The Origin of Likert Scales

Likert scales were originally developed by Rensis Likert, a sociologist at the University of Michigan
from 1946 to 1970. Likert was concerned with measuring psychological attitudes, and wished to do
this in a “scientific” way. Specifically, he sought a method that would produce attitude measures that
could reasonably be interpreted as measurements on a proper metric scale, in the same sense that we
consider inches or degrees Celsius true measurement scales.

Other social scientists, such as Thurstone, had already developed sophisticated methods for
measurement of psychological phenomena, but these were unsuited for Likert’s attitude research.
Likert, after trying various alternatives, gradually developed what we now call Likert scales.

Likert used a number of specific techniques to first generate items, and then select from among them
those that were valid, unidimensional (all measuring a common trait), and well discriminating.
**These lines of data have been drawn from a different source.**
(* Let $q$ be a positive integer and suppose that for each divisor $d$ of $q$ we are given a function $a_d:\mathbb Z\to\mathbb C$ of period $d$ with $|a_d(n)|\le1$, such that $a_{d_1d_2}=a_{d_1}a_{d_2}$ whenever $d_1d_2\mid q$ and $\gcd(d_1,d_2)=1$. Write $q=q_1q_2\cdots q_kQ$ with $q_1,\dots,q_k,Q$ pairwise coprime. Let $I$ be an interval of length $N$ and set $M_j=\lfloor(N/q_j)^{2/3}\rfloor$ for $1\le j\le k$. Then $$\Big|\frac1N\sum_{n\in I}a_q(n)\Big|\le4\sum_{i=1}^kM_i^{-2^{-i}}+4\,\mathbf E^{1/2^k},$$ where $$\mathbf E:=\frac1{M_1^2\cdots M_k^2}\sum_{\substack{1\le h_{j,0}\ne h_{j,1}\le M_j\\ 1\le j\le k}}\Big|\frac1N\sum_{n\in I}a_{\mathbf h}(n)\Big|,$$ $$a_{\mathbf h}(n):=\prod_{\substack{j_1,\dots,j_k\in\{0,1\}\\ j_1+\cdots+j_k\ \text{even}}}a_Q\Big(n+\sum_{i=1}^kh_{i,j_i}q_i\Big)\prod_{\substack{j_1,\dots,j_k\in\{0,1\}\\ j_1+\cdots+j_k\ \text{odd}}}\overline{a_Q\Big(n+\sum_{i=1}^kh_{i,j_i}q_i\Big)}.$$
   Context: The sums over $I$ are over integers $n\in I$; $\mathbf h$ denotes the tuple $(h_{i,j})_{1\le i\le k,\,j\in\{0,1\}}$. *)

theory Defs
  imports "HOL-Analysis.Analysis" "HOL-Library.FuncSet"
begin

definition intv :: "int \<Rightarrow> nat \<Rightarrow> int set" where
  "intv m N = {m + 1 .. m + int N}"

definition Mpar :: "nat \<Rightarrow> nat \<Rightarrow> nat" where
  "Mpar N qj = nat \<lfloor>(real N / real qj) powr (2/3)\<rfloor>"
For
example, he sometimes used judges to rate items’ quality or content. All of these methods
collectively go into what is formally called Likert scaling. Without failing to appreciate Likert’s
contributions to the science of scaling, we use the term “Likert scale” in a somewhat broader sense
here to include basically any scale composed of Likert or Likert-type items. That is, we distinguish
between Likert scaling and Likert scales, the former term being more specific. (We thereby avoid
having to introduce yet another category, Likert-type scales.)
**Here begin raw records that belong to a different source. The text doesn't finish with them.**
lemma multichoose_expansion_unique:
  fixes d :: "nat \<Rightarrow> int"
  assumes "\<And>n. N \<le> n \<Longrightarrow> (\<Sum>i=1..r. d i * multichoose n i) = c"
    and "i \<in> {1..r}"
  shows "d i = 0"
  using assms
proof (induction r arbitrary: N d c i)
  case 0
  then show ?case by simp
next
  case (Suc r)
  have step: "d 1 + (\<Sum>k=1..r. d (Suc k) * multichoose (Suc n) k) = 0" if "N \<le> n" for n
  proof -
    have "0 = (\<Sum>i=1..Suc r. d i * multichoose (Suc n) i) - (\<Sum>i=1..Suc r. d i * multichoose n i)"
      using Suc.prems(1) that by simp
    also have "\<dots> = (\<Sum>i=1..Suc r. d i * (multichoose (Suc n) i - multichoose n i))"
      by (simp add: sum_subtractf right_diff_distrib)
    also have "\<dots> = (\<Sum>k=0..r. d (Suc k) * (multichoose (Suc n) (Suc k) - multichoose n (Suc k)))"
      by (simp only: One_nat_def sum.shift_bounds_cl_Suc_ivl)
    also have "\<dots> = d 1 + (\<Sum>k=1..r. d (Suc k) * multichoose (Suc n) k)"
      by (simp add: multichoose_Pascal sum.atLeast_Suc_atMost multichoose_def)
    finally show ?thesis by simp
  qed
  have higher: "d (Suc k) = 0" if "k \<in> {1..r}" for k
  proof (rule Suc.IH[of "Suc N" "\<lambda>k. d (Suc k)" "- d 1" k])
    fix n assume "Suc N \<le> n"
    then obtain n' where "n = Suc n'" "N \<le> n'" by (cases n) auto
    then show "(\<Sum>k=1..r. d (Suc k) * multichoose n k) = - d 1"
      using step[of n'] by simp
  qed (use that in simp)
  show ?case
  proof (cases "i = 1")
    case True
    then show ?thesis using step[of N] higher by simp
  next
    case False
    then obtain k where "i = Suc k" "k \<in> {1..r}" using Suc.prems(2) by (cases i) auto
    then show ?thesis using higher by simp
  qed
qed

lemma alpha_eq_alpha_closed:
  assumes "1 \<le> r"
  shows "alpha m r = alpha_closed m r"
proof -
  let ?P = "\<lambda>f::nat\<Rightarrow>int. (\<forall>i. i \<notin> {1..r} \<longrightarrow> f i = 0) \<and>
      (\<forall>n::nat. n \<ge> 1 \<longrightarrow>
         int ((m * n + r - 1) choose r) = (\<Sum>i=1..r. f i * int ((n + i - 1) choose i)))"
  have vanish: "alpha_closed m r i = 0" if "i \<notin> {1..r}" for i
    using that assms alpha_closed_eq_0[of r i m] alpha_closed_0[of m "r - 1"]
    by (cases i) auto
  have expansion: "(\<Sum>i=1..r. alpha_closed m r i * multichoose n i) = int ((m*n + r - 1) choose r)"
    if "1 \<le> n" for n
  proof -
    have "{..r} = insert 0 {1..r}" by auto
    then show ?thesis
      using alpha_closed_expansion[OF that, of m r] vanish[of 0] by simp
  qed
  have "?P (alpha_closed m r)"
    using vanish expansion by (simp add: multichoose_def)
  moreover have "f = alpha_closed m r" if "?P f" for f
  proof
    fix i
    have "(\<Sum>i=1..r. (f i - alpha_closed m r i) * multichoose n i) = 0" if "1 \<le> n" for n
      using \<open>?P f\<close> expansion[OF that] that
      by (simp add: multichoose_def sum_subtractf left_diff_distrib)
    then have "i \<in> {1..r} \<Longrightarrow> f i - alpha_closed m r i = 0"
      by (rule multichoose_expansion_unique)
    then show "f i = alpha_closed m r i"
      using \<open>?P f\<close> vanish by (cases "i \<in> {1..r}") auto
  qed
  ultimately show ?thesis
    unfolding alpha_def by (intro the1_equality) blast+
qed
Once constructed, Likert’s scales have a format like this:

Please indicate how much you agree or disagree with each of these statements:

4

Example 1. A Likert scale

Neither
agree

Strongly Somewhat nor Somewhat Strongly
disagree disagree disagree agree agree

————————————————————————
The president is 1 2 3 4 5
doing a good job.

The Congress is 1 2 3 4 5
doing a good job.

The Secretary of 1 2 3 4 5
Defense is doing a
good job.

Here the construct being measured might be attitude towards American politics.

By Likert’s method, a person’s attitude is measured by combining (adding or averaging) their
responses across all items. This summing or averaging across several items was essential for Likert
to contribute to genuine measurement.

There are several characteristics or features that define a Likert scale:

1. The scale contains several items.
2. Response levels are arranged horizontally.
3. Response levels are anchored with consecutive integers.
4. Response levels are also anchored with verbal labels which connote more-or-less evenly-spaced

gradations.
5. Verbal labels are bivalent and symmetrical about a neutral middle.
6. In Likert’s usage, the scale always measures attitude in terms of level of agreement/disagreement

to a target statement (but see below).

Criterion 5 usually means there is an odd number of response levels. Typically the number is 5,
though sometimes 7, 9, or 11 levels are used.
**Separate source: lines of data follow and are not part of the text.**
lemma loss_coeff_label:
  assumes "k \<in> {1..d}" "j \<in> {1..d}"
  shows "loss_coeff d lam eps (Suc d) j k = (if j = k then r3 d lam eps else r4 d lam eps)"
proof (cases "j = k")
  case True
  then show ?thesis using assms
    by (subst loss_coeff_def, subst sum_const_outside[where K = "{k}" and z = "epm lam eps * (lam / 2)"])
      (auto simp: loss_coeff_simps field_simps)
next
  case False
  then show ?thesis using assms
    by (subst loss_coeff_def, subst sum_const_outside[where K = "{j, k}" and z = "epm lam eps * (lam / 2)"])
      (auto simp: loss_coeff_simps field_simps)
qed

lemma loss_coeff_feature:
  assumes "k \<in> {1..d}" "j \<in> {1..d}" "i \<in> {1..d}"
  shows "loss_coeff d lam eps i j k =
    (if j = k then (if i = j then r1 d lam eps else r5 d lam eps)
     else if i = j then r2 d lam eps else if i = k then r5 d lam eps else r6 d lam eps)"
proof -
  consider "i = j" "j = k" | "i \<noteq> j" "j = k" | "i = j" "j \<noteq> k" | "i = k" "j \<noteq> k"
    | "i \<noteq> j" "i \<noteq> k" "j \<noteq> k" by blast
  then show ?thesis
  proof cases
    case 1
    then show ?thesis using assms
      by (subst loss_coeff_def, subst sum_const_outside[where K = "{k}" and z = "epm lam eps * (lam\<^sup>2 / 3)"])
        (auto simp: loss_coeff_simps field_simps)
  next
    case 2
    then show ?thesis using assms
      by (subst loss_coeff_def, subst sum_const_outside[where K = "{i, k}" and z = "epm lam eps * (lam\<^sup>2 / 4)"])
        (auto simp: loss_coeff_simps field_simps)
  next
    case 3
    then show ?thesis using assms
      by (subst loss_coeff_def, subst sum_const_outside[where K = "{j, k}" and z = "epm lam eps * (lam\<^sup>2 / 3)"])
        (auto simp: loss_coeff_simps field_simps)
  next
    case 4
    then show ?thesis using assms
      by (subst loss_coeff_def, subst sum_const_outside[where K = "{j, k}" and z = "epm lam eps * (lam\<^sup>2 / 4)"])
        (auto simp: loss_coeff_simps field_simps)
  next
    case 5
    then show ?thesis using assms
      by (subst loss_coeff_def, subst sum_const_outside[where K = "{i, j, k}" and z = "epm lam eps * (lam\<^sup>2 / 4)"])
        (auto simp: loss_coeff_simps field_simps)
  qed
qed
Only a scale with all these characteristics might qualify as a genuine Likert scale. We probably don’t
want to be that strict, however. In particular, it seems reasonable to apply Likert’s methodology to
domains other than attitude measurement. The view recommended here is that features 1-4 above
comprise the main requirements for what can be accurately termed a Likert scale.

This much said, we now address two of the biggest and most common confusions people make.

5

Common Error 1:

A Likert scale is never an individual item; it is always a set of several items, with specific format
features, the responses to which are added or averaged to produce an overall score or measurement.

A single item, even if formatted exactly as one of Likert’s items, is not a Likert scale.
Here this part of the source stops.